▶ Task details
Where the records below show the word "either" in a line, please copy that line.
################
(* For every Markov kernel $P_{Y|X}:\mathcal X\to\mathcal Y$ between measurable spaces, $$\eta_{\chi^2}(P_{Y|X})=\eta_{\mathrm{KL}}(P_{Y|X}).$$
   Context: For $P\ll Q$: $D(P\|Q)=\int \log\frac{dP}{dQ}\,dP$ (KL divergence), $\chi^2(P\|Q)=\int (\frac{dP}{dQ})^2dQ-1$. For a divergence $D_f$ (either of these), for $Q$ not a point mass, $\eta_f(P_{Y|X},Q)=\sup\{D_f(P_{Y|X}\circ P\|P_{Y|X}\circ Q)/D_f(P\|Q): 0<D_f(P\|Q)<\infty\}$ where $P_{Y|X}\circ P$ is the output distribution induced by input distribution $P$, and $\eta_f(P_{Y|X})=\sup_Q\eta_f(P_{Y|X},Q)$ over $Q$ not a point mass. $\eta_{\mathrm{KL}}$ and $\eta_{\chi^2}$ denote these coefficients for KL and $\chi^2$ divergence respectively. *)

theory Defs
  imports "HOL-Probability.Probability"
begin

text \<open>The density dP/dQ is
  the Radon-Nikodym derivative RN_deriv Q P (so that density Q (RN_deriv Q P) = P).\<close>

definition kl_div :: "'a measure \<Rightarrow> 'a measure \<Rightarrow> ereal" where
  "kl_div P Q =
     (if sets P = sets Q \<and> absolutely_continuous Q P
      then enn2ereal (\<integral>\<^sup>+ x. ennreal (ln (enn2real (RN_deriv Q P x))) \<partial>P)
         - enn2ereal (\<integral>\<^sup>+ x. ennreal (- ln (enn2real (RN_deriv Q P x))) \<partial>P)
      else \<infinity>)"

definition chi2_div :: "'a measure \<Rightarrow> 'a measure \<Rightarrow> ereal" where
  "chi2_div P Q =
     (if sets P = sets Q \<and> absolutely_continuous Q P
      then enn2ereal (\<integral>\<^sup>+ x. (RN_deriv Q P x)\<^sup>2 \<partial>Q) - 1
      else \<infinity>)"

definition point_mass :: "'a measure \<Rightarrow> 'a measure \<Rightarrow> bool" where
  "point_mass X Q \<longleftrightarrow> (\<exists>x\<in>space X. Q = return X x)"

text \<open>Contraction coefficient eta_f(K, Q) of a Markov kernel K from X to Y
  (K \<in> measurable X (prob_algebra Y)) at input distribution Q, for a divergence D.\<close>
definition eta_at ::
  "('b measure \<Rightarrow> 'b measure \<Rightarrow> ereal) \<Rightarrow> ('a measure \<Rightarrow> 'a measure \<Rightarrow> ereal)
   \<Rightarrow> 'a measure \<Rightarrow> ('a \<Rightarrow> 'b measure) \<Rightarrow> 'a measure \<Rightarrow> ereal" where
  "eta_at DY DX X K Q =
     (SUP P \<in> {P \<in> space (prob_algebra X). 0 < DX P Q \<and> DX P Q < \<infinity>}.
        DY (bind P K) (bind Q K) / DX P Q)"

definition eta ::
  "('b measure \<Rightarrow> 'b measure \<Rightarrow> ereal) \<Rightarrow> ('a measure \<Rightarrow> 'a measure \<Rightarrow> ereal)
   \<Rightarrow> 'a measure \<Rightarrow> ('a \<Rightarrow> 'b measure) \<Rightarrow> ereal" where
  "eta DY DX X K =
     (SUP Q \<in> {Q \<in> space (prob_algebra X). \<not> point_mass X Q}. eta_at DY DX X K Q)"

definition eta_KL :: "'a measure \<Rightarrow> ('a \<Rightarrow> 'b measure) \<Rightarrow> ereal" where
  "eta_KL X K = eta kl_div kl_div X K"

definition eta_chi2 :: "'a measure \<Rightarrow> ('a \<Rightarrow> 'b measure) \<Rightarrow> ereal" where
  "eta_chi2 X K = eta chi2_div chi2_div X K"

end

theory Submission
  imports Defs
begin

text \<open>
  Both inequalities compare the two divergences along the mixtures \<open>(1 - t) Q + t P\<close>, which
  a Markov kernel maps to the corresponding mixtures of the output distributions; such mixtures
  of a distribution that is not a point mass are not point masses either.

  \<open>\<eta>\<^sub>K\<^sub>L \<le> \<eta>\<^sub>\<chi>\<^sub>2\<close>: KL divergence is an average of \<open>\<chi>\<^sup>2\<close>-divergences to mixtures,
  \<open>D(P\<parallel>Q) = \<integral>\<^sub>0\<^sup>1 \<chi>\<^sup>2(P\<parallel>(1 - t) Q + t P) / (1 - t) dt\<close>, so contraction of every term
  by \<open>\<eta>\<^sub>\<chi>\<^sub>2\<close> passes to the integral.

  \<open>\<eta>\<^sub>\<chi>\<^sub>2 \<le> \<eta>\<^sub>K\<^sub>L\<close>: KL divergence is locally quadratic,
  \<open>D((1 - e) Q + e P\<parallel>Q) = e\<^sup>2/2 \<chi>\<^sup>2(P\<parallel>Q) + o(e\<^sup>2)\<close>. An explicit upper bound on the
  input side and a lower bound by a damped \<open>\<chi>\<^sup>2\<close>-integrand on the output side turn contraction
  of KL into contraction of \<open>\<chi>\<^sup>2\<close> as \<open>e \<rightarrow> 0\<close>, by monotone convergence.
\<close>

section \<open>Real-variable estimates\<close>

definition kl_fun :: "real \<Rightarrow> real" where
  "kl_fun z = z * ln z - z + 1"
################
▶ Response below
   Context: For $P\ll Q$: $D(P\|Q)=\int \log\frac{dP}{dQ}\,dP$ (KL divergence), $\chi^2(P\|Q)=\int (\frac{dP}{dQ})^2dQ-1$. For a divergence $D_f$ (either of these), for $Q$ not a point mass, $\eta_f(P_{Y|X},Q)=\sup\{D_f(P_{Y|X}\circ P\|P_{Y|X}\circ Q)/D_f(P\|Q): 0<D_f(P\|Q)<\infty\}$ where $P_{Y|X}\circ P$ is the output distribution induced by input distribution $P$, and $\eta_f(P_{Y|X})=\sup_Q\eta_f(P_{Y|X},Q)$ over $Q$ not a point mass. $\eta_{\mathrm{KL}}$ and $\eta_{\chi^2}$ denote these coefficients for KL and $\chi^2$ divergence respectively. *)
  of a distribution that is not a point mass are not point masses either.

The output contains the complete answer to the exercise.